WHAT YOU SHOULD DO – Begin at the first line of the records below and, please, give each line again exactly until the line with "tau p) (d_c" is included.
[RECORDS FOR THE EXERCISE — start]
lemma coop_area_regionV:
  assumes "0 < c" "c < G" "regionV c G t tau p"
  shows "coop_area c G t tau p
       = A_s c t tau p (w0 c G t tau p) (w1 c G t tau p) + A_c G t tau p (w1 c G t tau p) 1"
proof -
  have pat: "crossing_pattern (d_s c t tau p) (d_c G t tau p) (w0 c G t tau p) (w1 c G t tau p)"
    by (rule regionV_crossing_pattern(2)[OF assms])
  have tau: "0 < tau" "tau < t" and p: "c < p"
    using assms(3) by (simp_all add: regionV_def in_D_def)
  have "(d_s c t tau p has_integral A_s c t tau p (w0 c G t tau p) (w1 c G t tau p))
      {w0 c G t tau p..w1 c G t tau p}"
    using pat p assms(1) by (intro has_integral_A_s) (auto simp: crossing_pattern_def)
  moreover have "(d_c G t tau p has_integral A_c G t tau p (w1 c G t tau p) 1) {w1 c G t tau p..1}"
    using pat tau assms(1,2) by (intro has_integral_A_c) (auto simp: crossing_pattern_def)
  ultimately show ?thesis
    unfolding coop_area_def by (intro integral_unique has_integral_clipped_min[OF pat])
qed

lemma coop_area_regionVI:
  assumes "0 < c" "c < G" "regionVI c G t tau p"
  shows "coop_area c G t tau p
       = A_c G t tau p (w0 c G t tau p) (w2 c G t tau p) + A_s c t tau p (w2 c G t tau p) 1"
proof -
  have pat: "crossing_pattern (d_c G t tau p) (d_s c t tau p) (w0 c G t tau p) (w2 c G t tau p)"
    by (rule regionVI_crossing_pattern(2)[OF assms])
  have tau: "0 < tau" "tau < t" and p: "c < p"
    using assms(3) by (simp_all add: regionVI_def in_D_def)
  have "(d_c G t tau p has_integral A_c G t tau p (w0 c G t tau p) (w2 c G t tau p))
      {w0 c G t tau p..w2 c G t tau p}"
    using pat tau assms(1,2) by (intro has_integral_A_c) (auto simp: crossing_pattern_def)
  moreover have "(d_s c t tau p has_integral A_s c t tau p (w2 c G t tau p) 1) {w2 c G t tau p..1}"
    using pat p assms(1) by (intro has_integral_A_s) (auto simp: crossing_pattern_def)
  ultimately show ?thesis
    unfolding coop_area_def min.commute[of "d_s c t tau p _"]
    by (intro integral_unique has_integral_clipped_min[OF pat])
qed

section \<open>First-order conditions\<close>

definition coop_area_V_closed :: "real \<Rightarrow> real \<Rightarrow> real \<Rightarrow> real \<Rightarrow> real \<Rightarrow> real" where
  "coop_area_V_closed c G t tau q =
     d_s_prim c (tau / t) q (w1 c G t tau q) - d_s_prim c (tau / t) q (d_s_root c (tau / t) q)
     + (d_c_prim G (tau / t) q 1 - d_c_prim G (tau / t) q (w1 c G t tau q))"

definition coop_area_VI_closed :: "real \<Rightarrow> real \<Rightarrow> real \<Rightarrow> real \<Rightarrow> real \<Rightarrow> real" where
  "coop_area_VI_closed c G t tau q =
     d_c_prim G (tau / t) q (w2 c G t tau q) - d_c_prim G (tau / t) q (d_c_root G (tau / t) q)
     + (d_s_prim c (tau / t) q 1 - d_s_prim c (tau / t) q (w2 c G t tau q))"

lemma regionV_areas_eq_prim:
  assumes "0 < c" "c < G" "regionV c G t tau p"
  shows "A_s c t tau p (w0 c G t tau p) (w1 c G t tau p)
       = d_s_prim c (tau / t) p (w1 c G t tau p) - d_s_prim c (tau / t) p (w0 c G t tau p)"
    and "A_c G t tau p (w1 c G t tau p) 1
       = d_c_prim G (tau / t) p 1 - d_c_prim G (tau / t) p (w1 c G t tau p)"
proof -
  have "0 < tau / t" "tau / t < 1" "c < p"
    using assms(3) by (simp_all add: regionV_def in_D_def)
  moreover have "0 < w0 c G t tau p" "w0 c G t tau p \<le> w1 c G t tau p" "w1 c G t tau p \<le> 1"
    using regionV_crossing_pattern(2)[OF assms] by (simp_all add: crossing_pattern_def)
  ultimately show "A_s c t tau p (w0 c G t tau p) (w1 c G t tau p)
       = d_s_prim c (tau / t) p (w1 c G t tau p) - d_s_prim c (tau / t) p (w0 c G t tau p)"
    and "A_c G t tau p (w1 c G t tau p) 1
       = d_c_prim G (tau / t) p 1 - d_c_prim G (tau / t) p (w1 c G t tau p)"
    using assms(1,2) by (simp_all add: A_s_eq_prim A_c_eq_prim)
qed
[RECORDS FOR THE EXERCISE — finish]
ANSWER TO THE PROBLEM –
lemma coop_area_regionV:
  assumes "0 < c" "c < G" "regionV c G t tau p"
  shows "coop_area c G t tau p
       = A_s c t tau p (w0 c G t tau p) (w1 c G t tau p) + A_c G t tau p (w1 c G t tau p) 1"
proof -
  have pat: "crossing_pattern (d_s c t tau p) (d_c G t tau p) (w0 c G t tau p) (w1 c G t tau p)"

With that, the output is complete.